Calcium in the body is present in three major pools namely intracellularly in the free or ionized form, in the blood plasma bound to proteins as well as in the free form. However, the major amount of calcium is found in the bone in the mineralized form (99%) but 1% is available for rapid exchange with plasma calcium whenever needed.

• Calcium is critical for muscle contraction, maintaining healthy and strong bones and teeth, blood clotting, conducting nerve impulses, activation of the ovum, regulating heart beat and fluid balance within cells.

• Like calcium, major portion of body phosphate (approximately 85%) is present as mineralized bone. The rest of body phosphate is present in a variety of inorganic and organic compounds distributed across both intracellular and extracellular compartments.

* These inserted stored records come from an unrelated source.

(* Assume the standing assumptions below and the reachability assumption: for all $s,s'\in\mathcal S$ there exists $a\in\mathcal A$ with $P(s'\mid s,a)>0$. Then for every $\theta\in\Theta$, a Markov chain with transition kernel $Q_\theta$ has a unique stationary distribution $\nu_\theta$, and there exist constants $\alpha\in(0,1)$ and $C>0$ such that for all $t\in\mathbb N_+$, $$\sup_{\theta\in\Theta}\max_{x\in\mathcal X}\|Q_\theta^t(x,\cdot)-\nu_\theta\|_{TV}\le C\alpha^t.$$
   Context: $\mathcal S,\mathcal A,\mathcal O$ are finite sets; $\Theta=\Theta_{hi}\times\Theta_{lo}\times\Theta_b$ is a convex compact subset of a Euclidean space. There are policies $\pi_{hi}(o\mid s;\theta_{hi})$ (distribution on $\mathcal O$), $\pi_{lo}(a\mid s,o;\theta_{lo})$ (distribution on $\mathcal A$), $\pi_b(b\mid s,o';\theta_b)$ (distribution on $\{0,1\}$), and an environment kernel $P(s'\mid s,a)$. For a fixed $\zeta\in(0,1)$, $\bar\pi_{hi}(o_t\mid s_t,o_{t-1},b_t;\theta_{hi})$ equals $\pi_{hi}(o_t\mid s_t;\theta_{hi})$ if $b_t=1$, $1-\zeta+\zeta/|\mathcal O|$ if $b_t=0,o_t=o_{t-1}$, and $\zeta/|\mathcal O|$ if $b_t=0,o_t\ne o_{t-1}$. Standing assumptions: there is an open $\tilde\Theta\supseteq\Theta$ on which $\pi_{hi},\pi_{lo},\pi_b$ are defined, strictly positive and continuously differentiable in $\theta$ (for all other arguments). With $\mathcal X=\mathcal S\times\mathcal A\times\mathcal O\times\{0,1\}$, $Q_\theta$ is the transition kernel on $\mathcal X$ of $X_t=(S_t,A_t,O_t,B_t)$ under the options-with-failure policy with parameter $\theta$: from $(s,a,o,b)$, draw $S_{t+1}\sim P(\cdot\mid s,a)$, $B_{t+1}\sim\pi_b(\cdot\mid S_{t+1},o;\theta_b)$, $O_{t+1}\sim\bar\pi_{hi}(\cdot\mid S_{t+1},o,B_{t+1};\theta_{hi})$, $A_{t+1}\sim\pi_{lo}(\cdot\mid S_{t+1},O_{t+1};\theta_{lo})$. $Q^t_\theta$ is the $t$-step kernel and $\|\nu_1-\nu_2\|_{TV}=\frac12\sum_x|\nu_1(x)-\nu_2(x)|$. *)

theory Defs
  imports "HOL-Analysis.Analysis"
begin
fun hadamard :: "nat \<Rightarrow> nat \<Rightarrow> nat \<Rightarrow> real" where
  "hadamard 0 a b = 1"
| "hadamard (Suc s) a b = H4 (a mod 4) (b mod 4) * hadamard s (a div 4) (b div 4)"

fun qsign :: "nat \<Rightarrow> nat \<Rightarrow> real" where
  "qsign 0 a = 1"
| "qsign (Suc s) a = Q4 (a mod 4) * qsign s (a div 4)"

lemma hadamard_commute: "hadamard s a b = hadamard s b a"
  by (induction s arbitrary: a b) (simp_all add: H4_def mult.commute add.commute)

lemma hadamard_diag [simp]: "hadamard s a a = 1"
  by (induction s arbitrary: a) (simp_all add: H4_def mult.commute)

lemma hadamard_sign: "hadamard s a b = 1 \<or> hadamard s a b = -1"
  by (induction s arbitrary: a b) (auto simp: H4_def minus_one_power_iff)

lemma abs_hadamard [simp]: "\<bar>hadamard s a b\<bar> = 1"
  using hadamard_sign[of s a b] by auto

lemma qsign_sign: "qsign s a = 1 \<or> qsign s a = -1"
  by (induction s arbitrary: a) (auto simp: Q4_def minus_one_power_iff)

lemma sum_lessThan_power_4:
  fixes f g :: "nat \<Rightarrow> real"
  shows "(\<Sum>c<4 ^ Suc s. f (c mod 4) * g (c div 4)) = (\<Sum>d<4. f d) * (\<Sum>c<4 ^ s. g c)"
  using sum_mod_div_product[where n = "4 ^ s" and k = 4 and f = f and g = g] by (simp add: mult.commute)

Phosphorus works closely with calcium to build and repair bones and teeth, help normal nerve function, and muscles contraction.

• Phosphates are also an important component of adenosine triphosphate (ATP) the high energy molecule necessary for several important cellular activities. They also form part of the structure of cell membranes, as well as important structural component of DNA and RNA.

• Any fluctuations in calcium and phosphate levels can therefore impact the normal function of muscles and nerves as well as affect bone health. The concentrations of these ions must therefore be maintained optimally to ensure there is no disease

• The organs involved in maintaining optimal levels of calcium and phosphate include intestines bone, and kidneys. The hormones involved in maintaining calcium and phosphorus are parathyroid hormone (PTH) vitamin D and calcitonin.

ROLE OF VITAMIN D AND PTH
• Vitamin D is needed to absorb calcium and phosphate from the diet. Even if you eat foods that are rich in calcium and phosphate, they won’t be absorbed into the body unless vitamin D is present in sufficient amounts

• For example if levels of calcium and phosphorus in blood are low, it is sensed by the parathyroid hormone (PTH) which in turn signals to the kidney to produce more vitamin D to increase their absorption from the intestine. At the same time, it signals to the bone to release more calcium and phosphorus from its reserve into the blood to maintain optimal levels

ROLE OF CALCITONIN
Calcitonin is another hormone that functions to reduce blood calcium levels. It is secreted when there is increased calcium levels (hypercalcemia) and has at least two main effects
• It enhances excretion of calcium via kidneys into urine
• Inhibition of calcium resorption from bone, which would reduce fluxes of calcium from bone into blood.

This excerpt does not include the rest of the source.